Americans also trusted that their government could act effectively to reduce the danger. Arms control enjoyed broad—though never universal—bipartisan legitimacy, with leaders from Kennedy to Reagan framing it as pragmatic statecraft rather than ideology. While debates over verification, strength, and moral responsibility persisted, there remained a shared baseline of confidence that reducing nuclear risk was both possible and desirable. The Cold War’s binary structure simplified complexity: two superpowers, one existential risk, and one clear solution—limit weapons, avoid war. Public faith in science, diplomacy, and executive leadership reinforced a sense of efficacy: Citizens believed their voices could shape outcomes.
Equally important, movements could translate technical issues into simple, actionable demands. “Freeze the arms race now” and “ban atmospheric tests” converted anxiety into participation. The clarity of these messages, coupled with more active and organized civil society—churches, unions, women’s groups—lowered barriers to entry and created visible feedback loops between activism and policy.
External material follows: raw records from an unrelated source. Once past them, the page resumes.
text \<open>A decaying solution of \<open>P(S) x = 0\<close> is killed by the factors with roots outside the
  unit disc and then decays exponentially through the factors with roots inside.\<close>

lemma poly_shift_eq_zero_exp_decay:
  fixes P :: "complex poly"
  assumes P: "P \<noteq> 0" and x: "\<And>i. poly_shift P x i = 0" "x \<longlonglongrightarrow> 0"
  shows "exp_decay x"
proof -
  let ?y = "poly_shift (linear_factors (filter_mset (\<lambda>z. norm z < 1) (proots P))) x"
  have "?y i = 0" for i
  proof (rule linear_factors_outside_tendsto_zero_eq_zero)
    show "poly_shift (linear_factors (filter_mset (\<lambda>z. \<not> norm z < 1) (proots P))) ?y i = 0" for i
      using x(1)[of i] P by (simp add: poly_shift_split_unit_disc)
  qed (auto intro: tendsto_poly_shift_zero x(2))
  then show ?thesis
    by (intro linear_factors_inside_exp_decay[of _ x "\<lambda>_. 0"] exp_decay_zero) auto
qed

lemma poly_shift_eq_exp_decay_solvable:
  fixes P :: "complex poly"
  assumes P: "P \<noteq> 0" and f: "exp_decay f"
  obtains x where "exp_decay x" "\<And>i. poly_shift P x i = f i" "\<And>i. i < roots_in_disc 1 P \<Longrightarrow> x i = 0"
proof -
  let ?inside = "filter_mset (\<lambda>z. norm z < 1) (proots P)"
  let ?outside = "filter_mset (\<lambda>z. \<not> norm z < 1) (proots P)"
  have "exp_decay (\<lambda>i. f i / lead_coeff P)"
    using exp_decay_shift_scale[OF f, of "1 / lead_coeff P" 0] by simp
  moreover have "\<forall>z\<in>#?outside. norm z \<ge> 1" by auto
  ultimately obtain y where y: "exp_decay y"
    "\<And>i. poly_shift (linear_factors ?outside) y i = f i / lead_coeff P"
    using linear_factors_outside_exp_decay_solvable by blast
  obtain x where x: "\<And>i. poly_shift (linear_factors ?inside) x i = y i" "\<And>i. i < size ?inside \<Longrightarrow> x i = 0"
    using linear_factors_initial_value_solvable by blast
  have "exp_decay x" using linear_factors_inside_exp_decay[OF _ x(1) y(1)] by simp
  moreover have "poly_shift (linear_factors ?inside) x = y" using x(1) by (intro ext) simp
  then have "poly_shift P x i = f i" for i using P y(2) by (simp add: poly_shift_split_unit_disc)
  ultimately show ?thesis using that x(2) size_proots_in_disc[OF P] by metis
qed

lemma poly_shift_eq_zero_initial_unique:
  fixes P :: "complex poly"
  assumes P: "P \<noteq> 0" and d: "\<And>i. poly_shift P d i = 0" "d \<longlonglongrightarrow> 0"
    and init: "\<And>i. i < roots_in_disc 1 P \<Longrightarrow> d i = 0"
  shows "d i = 0"
proof (rule linear_factors_initial_value_unique)
  let ?y = "poly_shift (linear_factors (filter_mset (\<lambda>z. norm z < 1) (proots P))) d"
  show "?y i = 0" for i
  proof (rule linear_factors_outside_tendsto_zero_eq_zero)
    show "poly_shift (linear_factors (filter_mset (\<lambda>z. \<not> norm z < 1) (proots P))) ?y i = 0" for i
      using d(1)[of i] P by (simp add: poly_shift_split_unit_disc)
  qed (auto intro: tendsto_poly_shift_zero d(2))
  show "d i = 0" if "i < size (filter_mset (\<lambda>z. norm z < 1) (proots P))" for i
    using init that size_proots_in_disc[OF P] by simp
qed

lemma poly_shift_symbol_poly:
  "poly_shift (symbol_poly p r c) x i =
    (\<Sum>l\<in>{- int r..int p}. complex_of_real (c l) * x (nat (int (i + r) + l)))"
  unfolding symbol_poly_def poly_shift_sum poly_shift_monom
  by (intro sum.cong refl) (auto intro!: arg_cong[where f=x])

lemma symbol_recurrence_homogeneous_unique:
  fixes d :: "nat \<Rightarrow> real"
  assumes cr: "c (- int r) \<noteq> 0" and roots: "roots_in_disc 1 (symbol_poly p r c) = r"
    and rec: "\<And>j. j \<ge> r \<Longrightarrow> (\<Sum>l\<in>{- int r..int p}. c l * d (nat (int j + l))) = 0"
    and init: "\<And>j. j < r \<Longrightarrow> d j = 0" and lim: "d \<longlonglongrightarrow> 0"
  shows "d j = 0"
proof -
  have "complex_of_real (d j) = 0"
  proof (rule poly_shift_eq_zero_initial_unique)
    show "symbol_poly p r c \<noteq> 0" using cr by (rule symbol_poly_nonzero)
    show "poly_shift (symbol_poly p r c) (\<lambda>j. complex_of_real (d j)) i = 0" for i
      using arg_cong[where f=complex_of_real, OF rec[of "i + r"]] by (simp add: poly_shift_symbol_poly)
    show "(\<lambda>j. complex_of_real (d j)) \<longlonglongrightarrow> 0" using tendsto_of_real[OF lim] by simp
  qed (simp add: roots init)
  then show ?thesis by simp
qed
When Kennedy cited public support for the 1963 Limited Test Ban Treaty or Reagan echoed the Freeze-era sentiment that “a nuclear war cannot be won,” activism felt validated and influence tangible.
Today, those conditions have dissipated. Salience has faded: The threat feels distant, abstract, and cognitively discounted by habituation and warning fatigue. Trust has eroded: Citizens doubt the credibility of institutions and messengers, which is a form of source discounting amplified by polarization and media fragmentation. Simplicity has evaporated: Nuclear policy is now entangled in complex technical, legal, and geopolitical systems that defy concise framing.
A mix of rarity bias, competing attentional demands, fear-driven avoidance, and a sense of personal futility leads citizens to defer responsibility to institutions and to disengage emotionally from an overwhelming threat. The result is not apathy, but attenuated salience—an informed yet inert public that sees nuclear risk as real, but distant and beyond its influence.
In decision-theoretic terms, these shifts reflect well-documented cognitive mechanisms. The loss of salience follows habituation and attentional triage:repeated exposure to unrealized warnings dulls urgency and pushes nuclear danger to the cognitive margins. The loss of trust stems from credibility collapse and the diffusion of responsibility, as individuals assume that experts and institutions are managing risks that lie beyond their personal influence. The loss of simplicity stems from cognitive overload and ambiguity aversion, whereby the technical and probabilistic complexity of nuclear policy discourages engagement. Together, these forces produce what this paper terms “recognition without mobilization,” an informed but inert public that supports arms control in principle yet exerts little pressure in practice.
Modern information ecosystems deepen this problem. Rapid news cycles accelerate habituation; polarized media environments erode credibility; information saturation magnifies cognitive load. For the future of arms control and risk reduction, the implication is clear: Strategies that once relied on moral vividness, singular events, or mass mobilization cannot simply be revived. Instead, they must be redesigned to align with contemporary cognition: to restore salience without panic, rebuild trust through transparency and participation, and translate complexity into credible, actionable frameworks for engagement.